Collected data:
=== Section Start ===
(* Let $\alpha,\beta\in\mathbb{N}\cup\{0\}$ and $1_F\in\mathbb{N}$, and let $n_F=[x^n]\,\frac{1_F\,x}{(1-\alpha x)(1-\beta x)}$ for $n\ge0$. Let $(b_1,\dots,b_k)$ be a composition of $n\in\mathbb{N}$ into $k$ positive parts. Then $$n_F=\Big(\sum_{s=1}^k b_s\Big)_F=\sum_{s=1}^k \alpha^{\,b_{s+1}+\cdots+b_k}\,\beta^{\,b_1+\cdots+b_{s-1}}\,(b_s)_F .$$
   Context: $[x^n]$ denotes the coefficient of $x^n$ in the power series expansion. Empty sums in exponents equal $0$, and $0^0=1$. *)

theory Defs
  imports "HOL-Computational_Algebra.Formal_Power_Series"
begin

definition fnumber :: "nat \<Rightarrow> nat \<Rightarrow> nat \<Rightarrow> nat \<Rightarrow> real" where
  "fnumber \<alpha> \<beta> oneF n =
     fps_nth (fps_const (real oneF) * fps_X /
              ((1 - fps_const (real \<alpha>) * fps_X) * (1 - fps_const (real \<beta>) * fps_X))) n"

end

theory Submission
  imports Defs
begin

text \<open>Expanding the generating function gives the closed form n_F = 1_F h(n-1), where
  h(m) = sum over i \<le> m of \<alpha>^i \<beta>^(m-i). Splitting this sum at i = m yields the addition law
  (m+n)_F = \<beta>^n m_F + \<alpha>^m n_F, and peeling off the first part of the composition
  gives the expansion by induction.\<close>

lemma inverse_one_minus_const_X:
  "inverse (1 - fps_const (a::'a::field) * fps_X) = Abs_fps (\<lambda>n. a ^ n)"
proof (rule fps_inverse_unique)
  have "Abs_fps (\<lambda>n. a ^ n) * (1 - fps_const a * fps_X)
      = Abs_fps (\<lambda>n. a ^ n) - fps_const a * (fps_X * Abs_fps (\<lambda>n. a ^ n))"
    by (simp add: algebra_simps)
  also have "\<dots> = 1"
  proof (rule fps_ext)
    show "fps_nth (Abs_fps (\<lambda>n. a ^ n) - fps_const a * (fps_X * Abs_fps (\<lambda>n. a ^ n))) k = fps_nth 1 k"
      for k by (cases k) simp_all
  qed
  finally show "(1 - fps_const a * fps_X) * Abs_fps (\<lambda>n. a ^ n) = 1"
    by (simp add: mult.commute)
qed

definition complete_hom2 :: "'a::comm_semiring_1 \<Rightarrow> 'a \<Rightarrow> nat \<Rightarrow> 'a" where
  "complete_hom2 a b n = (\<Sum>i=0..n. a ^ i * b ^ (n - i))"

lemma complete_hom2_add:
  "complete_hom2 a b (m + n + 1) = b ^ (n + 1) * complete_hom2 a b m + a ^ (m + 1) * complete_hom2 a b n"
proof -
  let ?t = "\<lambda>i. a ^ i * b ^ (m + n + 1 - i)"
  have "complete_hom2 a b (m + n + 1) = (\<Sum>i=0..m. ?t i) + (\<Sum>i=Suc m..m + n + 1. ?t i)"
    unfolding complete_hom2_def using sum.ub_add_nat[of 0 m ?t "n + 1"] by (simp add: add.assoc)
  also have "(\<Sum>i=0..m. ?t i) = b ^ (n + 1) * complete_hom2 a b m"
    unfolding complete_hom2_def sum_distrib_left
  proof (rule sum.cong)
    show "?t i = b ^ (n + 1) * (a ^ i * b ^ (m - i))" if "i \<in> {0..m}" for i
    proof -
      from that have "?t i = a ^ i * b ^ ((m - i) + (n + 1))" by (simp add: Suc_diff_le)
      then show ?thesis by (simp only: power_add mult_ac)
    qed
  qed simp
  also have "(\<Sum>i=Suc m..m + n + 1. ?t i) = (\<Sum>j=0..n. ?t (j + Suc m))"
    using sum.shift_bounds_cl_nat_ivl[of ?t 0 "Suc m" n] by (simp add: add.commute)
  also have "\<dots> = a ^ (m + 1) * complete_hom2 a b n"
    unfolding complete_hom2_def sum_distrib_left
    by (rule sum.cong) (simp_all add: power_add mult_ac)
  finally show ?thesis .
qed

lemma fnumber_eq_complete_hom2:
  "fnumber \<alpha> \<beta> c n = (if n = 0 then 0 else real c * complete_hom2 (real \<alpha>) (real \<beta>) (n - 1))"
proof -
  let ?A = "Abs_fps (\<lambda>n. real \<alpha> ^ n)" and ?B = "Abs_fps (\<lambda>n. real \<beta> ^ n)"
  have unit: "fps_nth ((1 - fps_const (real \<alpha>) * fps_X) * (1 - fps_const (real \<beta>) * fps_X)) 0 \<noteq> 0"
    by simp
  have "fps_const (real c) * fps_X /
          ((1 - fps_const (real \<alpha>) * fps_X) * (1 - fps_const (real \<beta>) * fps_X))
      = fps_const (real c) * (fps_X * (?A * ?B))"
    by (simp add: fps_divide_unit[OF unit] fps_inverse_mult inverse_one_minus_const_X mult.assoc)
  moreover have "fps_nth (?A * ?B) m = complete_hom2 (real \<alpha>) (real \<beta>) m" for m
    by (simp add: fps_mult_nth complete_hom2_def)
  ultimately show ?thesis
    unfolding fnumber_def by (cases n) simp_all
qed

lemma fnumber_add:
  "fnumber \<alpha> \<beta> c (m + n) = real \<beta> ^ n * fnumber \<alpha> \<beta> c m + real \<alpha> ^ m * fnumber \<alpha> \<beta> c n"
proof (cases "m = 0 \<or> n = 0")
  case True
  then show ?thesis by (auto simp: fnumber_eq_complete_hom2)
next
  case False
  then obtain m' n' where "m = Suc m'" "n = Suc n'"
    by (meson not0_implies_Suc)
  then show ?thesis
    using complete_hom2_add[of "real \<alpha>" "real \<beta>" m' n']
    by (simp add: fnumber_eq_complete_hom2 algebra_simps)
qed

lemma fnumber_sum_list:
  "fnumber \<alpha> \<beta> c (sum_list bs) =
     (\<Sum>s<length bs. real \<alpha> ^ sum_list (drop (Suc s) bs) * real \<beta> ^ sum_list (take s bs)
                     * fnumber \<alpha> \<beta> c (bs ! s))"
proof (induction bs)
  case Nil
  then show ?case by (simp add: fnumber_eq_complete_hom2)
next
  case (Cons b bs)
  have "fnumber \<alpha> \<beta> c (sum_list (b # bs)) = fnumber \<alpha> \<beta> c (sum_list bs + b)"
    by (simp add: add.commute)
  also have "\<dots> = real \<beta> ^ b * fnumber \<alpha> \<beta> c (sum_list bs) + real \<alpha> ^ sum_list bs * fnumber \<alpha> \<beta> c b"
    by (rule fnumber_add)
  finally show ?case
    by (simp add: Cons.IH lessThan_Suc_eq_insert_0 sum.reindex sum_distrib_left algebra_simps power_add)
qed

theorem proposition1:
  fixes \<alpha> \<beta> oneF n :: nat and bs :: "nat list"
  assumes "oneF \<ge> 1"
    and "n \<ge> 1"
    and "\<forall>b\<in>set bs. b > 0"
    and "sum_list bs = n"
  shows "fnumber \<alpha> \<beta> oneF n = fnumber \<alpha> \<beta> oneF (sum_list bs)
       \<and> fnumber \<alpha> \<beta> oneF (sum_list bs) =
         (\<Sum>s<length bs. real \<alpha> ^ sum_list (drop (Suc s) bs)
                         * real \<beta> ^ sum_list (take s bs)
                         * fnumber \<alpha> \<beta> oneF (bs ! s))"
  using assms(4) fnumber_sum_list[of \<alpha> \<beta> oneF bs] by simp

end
=== Section End ===
=== Section Start ===
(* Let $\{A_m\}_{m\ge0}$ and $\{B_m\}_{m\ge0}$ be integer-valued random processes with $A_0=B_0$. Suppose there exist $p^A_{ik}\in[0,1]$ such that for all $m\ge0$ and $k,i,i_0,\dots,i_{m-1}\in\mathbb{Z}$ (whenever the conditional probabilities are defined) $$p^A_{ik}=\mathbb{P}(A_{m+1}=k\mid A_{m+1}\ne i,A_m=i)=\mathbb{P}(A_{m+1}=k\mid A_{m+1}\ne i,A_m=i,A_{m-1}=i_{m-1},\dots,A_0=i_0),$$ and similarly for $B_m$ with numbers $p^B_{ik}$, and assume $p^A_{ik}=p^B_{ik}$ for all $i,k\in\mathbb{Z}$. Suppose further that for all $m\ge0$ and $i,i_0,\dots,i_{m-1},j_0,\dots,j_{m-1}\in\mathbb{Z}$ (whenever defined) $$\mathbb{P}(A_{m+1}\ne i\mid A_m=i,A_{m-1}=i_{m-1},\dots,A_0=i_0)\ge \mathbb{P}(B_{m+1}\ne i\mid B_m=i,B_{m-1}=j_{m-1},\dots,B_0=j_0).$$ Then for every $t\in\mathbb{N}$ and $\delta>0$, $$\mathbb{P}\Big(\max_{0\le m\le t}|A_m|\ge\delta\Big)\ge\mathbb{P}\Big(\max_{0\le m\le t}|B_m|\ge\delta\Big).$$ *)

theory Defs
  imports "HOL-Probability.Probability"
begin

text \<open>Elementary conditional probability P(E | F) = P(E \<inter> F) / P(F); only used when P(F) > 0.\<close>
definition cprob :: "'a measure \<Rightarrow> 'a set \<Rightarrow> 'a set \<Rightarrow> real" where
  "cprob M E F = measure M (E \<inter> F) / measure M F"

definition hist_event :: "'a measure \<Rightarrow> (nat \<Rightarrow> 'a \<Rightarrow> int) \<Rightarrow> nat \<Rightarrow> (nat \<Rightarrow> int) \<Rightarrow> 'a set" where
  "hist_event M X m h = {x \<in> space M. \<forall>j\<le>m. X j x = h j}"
=== Section End ===
=== Section Start ===
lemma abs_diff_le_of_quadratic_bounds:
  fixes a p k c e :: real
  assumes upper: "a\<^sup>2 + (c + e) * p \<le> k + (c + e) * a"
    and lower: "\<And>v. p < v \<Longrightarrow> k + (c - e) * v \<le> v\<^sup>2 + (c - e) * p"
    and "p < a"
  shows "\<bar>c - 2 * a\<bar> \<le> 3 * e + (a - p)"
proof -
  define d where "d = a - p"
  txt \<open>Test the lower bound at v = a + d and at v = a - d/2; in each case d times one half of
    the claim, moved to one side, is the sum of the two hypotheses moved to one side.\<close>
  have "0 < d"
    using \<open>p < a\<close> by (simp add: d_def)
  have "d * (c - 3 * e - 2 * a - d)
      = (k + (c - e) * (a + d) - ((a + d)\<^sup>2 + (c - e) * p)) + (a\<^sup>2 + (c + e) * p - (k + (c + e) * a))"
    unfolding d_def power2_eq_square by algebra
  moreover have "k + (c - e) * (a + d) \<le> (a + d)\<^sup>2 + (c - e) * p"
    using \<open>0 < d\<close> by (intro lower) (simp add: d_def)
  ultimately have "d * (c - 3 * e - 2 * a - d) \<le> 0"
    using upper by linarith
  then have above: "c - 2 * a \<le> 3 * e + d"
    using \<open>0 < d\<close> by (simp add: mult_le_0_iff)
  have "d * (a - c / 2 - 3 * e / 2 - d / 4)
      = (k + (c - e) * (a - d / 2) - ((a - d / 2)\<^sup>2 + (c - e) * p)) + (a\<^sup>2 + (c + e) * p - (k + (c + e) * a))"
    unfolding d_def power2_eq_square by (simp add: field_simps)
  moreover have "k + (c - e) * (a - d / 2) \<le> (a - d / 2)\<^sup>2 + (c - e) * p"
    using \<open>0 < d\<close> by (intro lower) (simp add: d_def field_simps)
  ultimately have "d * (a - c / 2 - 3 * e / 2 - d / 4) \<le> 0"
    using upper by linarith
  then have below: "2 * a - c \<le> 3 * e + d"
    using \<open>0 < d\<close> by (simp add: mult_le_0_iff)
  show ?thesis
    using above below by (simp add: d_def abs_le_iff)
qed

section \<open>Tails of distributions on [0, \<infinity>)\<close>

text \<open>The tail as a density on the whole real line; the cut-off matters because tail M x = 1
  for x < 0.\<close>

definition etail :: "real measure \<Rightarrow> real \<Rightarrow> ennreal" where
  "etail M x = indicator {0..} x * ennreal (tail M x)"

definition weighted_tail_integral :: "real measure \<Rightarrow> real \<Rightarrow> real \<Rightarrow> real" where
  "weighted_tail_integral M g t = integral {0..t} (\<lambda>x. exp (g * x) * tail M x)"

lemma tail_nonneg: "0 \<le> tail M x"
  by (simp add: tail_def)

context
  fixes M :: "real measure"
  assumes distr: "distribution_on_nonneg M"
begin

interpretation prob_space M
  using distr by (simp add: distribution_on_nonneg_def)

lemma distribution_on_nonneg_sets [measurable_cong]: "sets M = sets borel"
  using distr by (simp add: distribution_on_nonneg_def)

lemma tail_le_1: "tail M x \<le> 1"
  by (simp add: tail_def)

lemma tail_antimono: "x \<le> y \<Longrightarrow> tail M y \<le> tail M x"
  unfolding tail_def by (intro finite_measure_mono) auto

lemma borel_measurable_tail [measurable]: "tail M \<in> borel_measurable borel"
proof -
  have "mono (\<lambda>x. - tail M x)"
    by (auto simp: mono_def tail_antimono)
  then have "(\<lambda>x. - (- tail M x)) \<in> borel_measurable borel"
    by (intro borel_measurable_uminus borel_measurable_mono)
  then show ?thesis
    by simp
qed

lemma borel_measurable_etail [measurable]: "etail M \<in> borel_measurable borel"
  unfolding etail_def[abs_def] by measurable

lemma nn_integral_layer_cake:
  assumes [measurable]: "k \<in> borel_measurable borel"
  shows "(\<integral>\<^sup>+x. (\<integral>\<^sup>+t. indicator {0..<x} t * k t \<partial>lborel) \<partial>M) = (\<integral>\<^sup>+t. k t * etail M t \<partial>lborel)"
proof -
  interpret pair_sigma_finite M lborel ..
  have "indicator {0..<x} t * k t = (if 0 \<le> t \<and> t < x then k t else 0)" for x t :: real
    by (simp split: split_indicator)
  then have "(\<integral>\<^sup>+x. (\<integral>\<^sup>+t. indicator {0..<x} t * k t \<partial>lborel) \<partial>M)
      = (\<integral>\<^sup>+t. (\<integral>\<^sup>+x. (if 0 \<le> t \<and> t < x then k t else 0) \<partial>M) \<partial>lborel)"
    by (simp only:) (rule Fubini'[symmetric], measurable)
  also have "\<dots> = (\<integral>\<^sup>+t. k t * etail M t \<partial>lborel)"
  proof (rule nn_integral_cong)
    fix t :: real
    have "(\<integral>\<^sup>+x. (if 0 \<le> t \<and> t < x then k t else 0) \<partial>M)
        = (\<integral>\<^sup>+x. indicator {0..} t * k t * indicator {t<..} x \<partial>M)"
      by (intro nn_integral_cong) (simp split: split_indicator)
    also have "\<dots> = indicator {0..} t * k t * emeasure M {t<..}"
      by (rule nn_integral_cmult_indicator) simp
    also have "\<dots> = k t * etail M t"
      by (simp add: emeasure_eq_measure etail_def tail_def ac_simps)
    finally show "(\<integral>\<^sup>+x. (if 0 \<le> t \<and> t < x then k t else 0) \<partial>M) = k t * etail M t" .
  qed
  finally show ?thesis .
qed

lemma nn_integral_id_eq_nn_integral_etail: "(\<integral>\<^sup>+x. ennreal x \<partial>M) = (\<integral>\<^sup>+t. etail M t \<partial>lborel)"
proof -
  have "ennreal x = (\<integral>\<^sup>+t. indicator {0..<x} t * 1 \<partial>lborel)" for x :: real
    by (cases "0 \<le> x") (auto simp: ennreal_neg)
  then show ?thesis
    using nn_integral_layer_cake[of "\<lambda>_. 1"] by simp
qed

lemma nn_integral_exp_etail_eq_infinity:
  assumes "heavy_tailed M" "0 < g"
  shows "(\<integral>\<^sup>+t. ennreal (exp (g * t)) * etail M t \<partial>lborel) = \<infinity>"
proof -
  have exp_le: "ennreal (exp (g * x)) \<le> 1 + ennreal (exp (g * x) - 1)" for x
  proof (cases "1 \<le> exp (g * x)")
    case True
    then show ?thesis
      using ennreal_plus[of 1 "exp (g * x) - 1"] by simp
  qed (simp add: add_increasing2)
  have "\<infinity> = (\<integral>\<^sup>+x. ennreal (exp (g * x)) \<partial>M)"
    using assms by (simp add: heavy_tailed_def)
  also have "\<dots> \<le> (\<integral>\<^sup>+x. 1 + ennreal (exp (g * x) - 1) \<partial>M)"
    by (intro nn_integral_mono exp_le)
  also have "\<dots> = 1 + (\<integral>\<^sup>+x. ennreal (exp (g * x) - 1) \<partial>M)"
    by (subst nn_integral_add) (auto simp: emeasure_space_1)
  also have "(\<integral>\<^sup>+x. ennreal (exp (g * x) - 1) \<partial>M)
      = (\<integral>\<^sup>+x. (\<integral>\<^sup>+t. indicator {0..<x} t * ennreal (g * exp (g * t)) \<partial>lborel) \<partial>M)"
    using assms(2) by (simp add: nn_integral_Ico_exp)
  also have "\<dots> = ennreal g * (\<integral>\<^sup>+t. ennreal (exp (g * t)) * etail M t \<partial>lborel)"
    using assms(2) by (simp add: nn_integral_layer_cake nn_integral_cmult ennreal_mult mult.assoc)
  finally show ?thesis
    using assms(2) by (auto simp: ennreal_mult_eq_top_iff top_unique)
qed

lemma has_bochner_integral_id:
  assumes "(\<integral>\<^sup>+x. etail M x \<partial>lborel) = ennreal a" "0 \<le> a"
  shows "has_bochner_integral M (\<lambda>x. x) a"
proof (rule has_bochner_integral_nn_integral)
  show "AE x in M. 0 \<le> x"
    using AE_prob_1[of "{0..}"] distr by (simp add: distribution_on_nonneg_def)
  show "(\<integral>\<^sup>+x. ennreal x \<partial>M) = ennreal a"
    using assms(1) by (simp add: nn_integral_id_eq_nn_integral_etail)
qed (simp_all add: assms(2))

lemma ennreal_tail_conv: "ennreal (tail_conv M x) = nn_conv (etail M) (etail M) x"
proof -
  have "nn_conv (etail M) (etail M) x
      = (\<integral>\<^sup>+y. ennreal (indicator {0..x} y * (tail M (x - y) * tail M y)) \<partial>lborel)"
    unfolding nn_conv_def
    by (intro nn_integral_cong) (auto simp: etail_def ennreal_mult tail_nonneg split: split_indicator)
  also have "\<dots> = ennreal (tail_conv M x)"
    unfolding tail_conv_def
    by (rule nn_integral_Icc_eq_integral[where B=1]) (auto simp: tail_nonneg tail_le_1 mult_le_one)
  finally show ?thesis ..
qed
=== Section End ===
WHAT IS NEEDED ::
Among the entries above, locate the lines containing "text \<open>Elementary conditional" and "F = measure", and transcribe exactly those two lines and all lines between.

YOUR SOLUTION ::
text \<open>Elementary conditional probability P(E | F) = P(E \<inter> F) / P(F); only used when P(F) > 0.\<close>
definition cprob :: "'a measure \<Rightarrow> 'a set \<Rightarrow> 'a set \<Rightarrow> real" where
  "cprob M E F = measure M (E \<inter> F) / measure M F"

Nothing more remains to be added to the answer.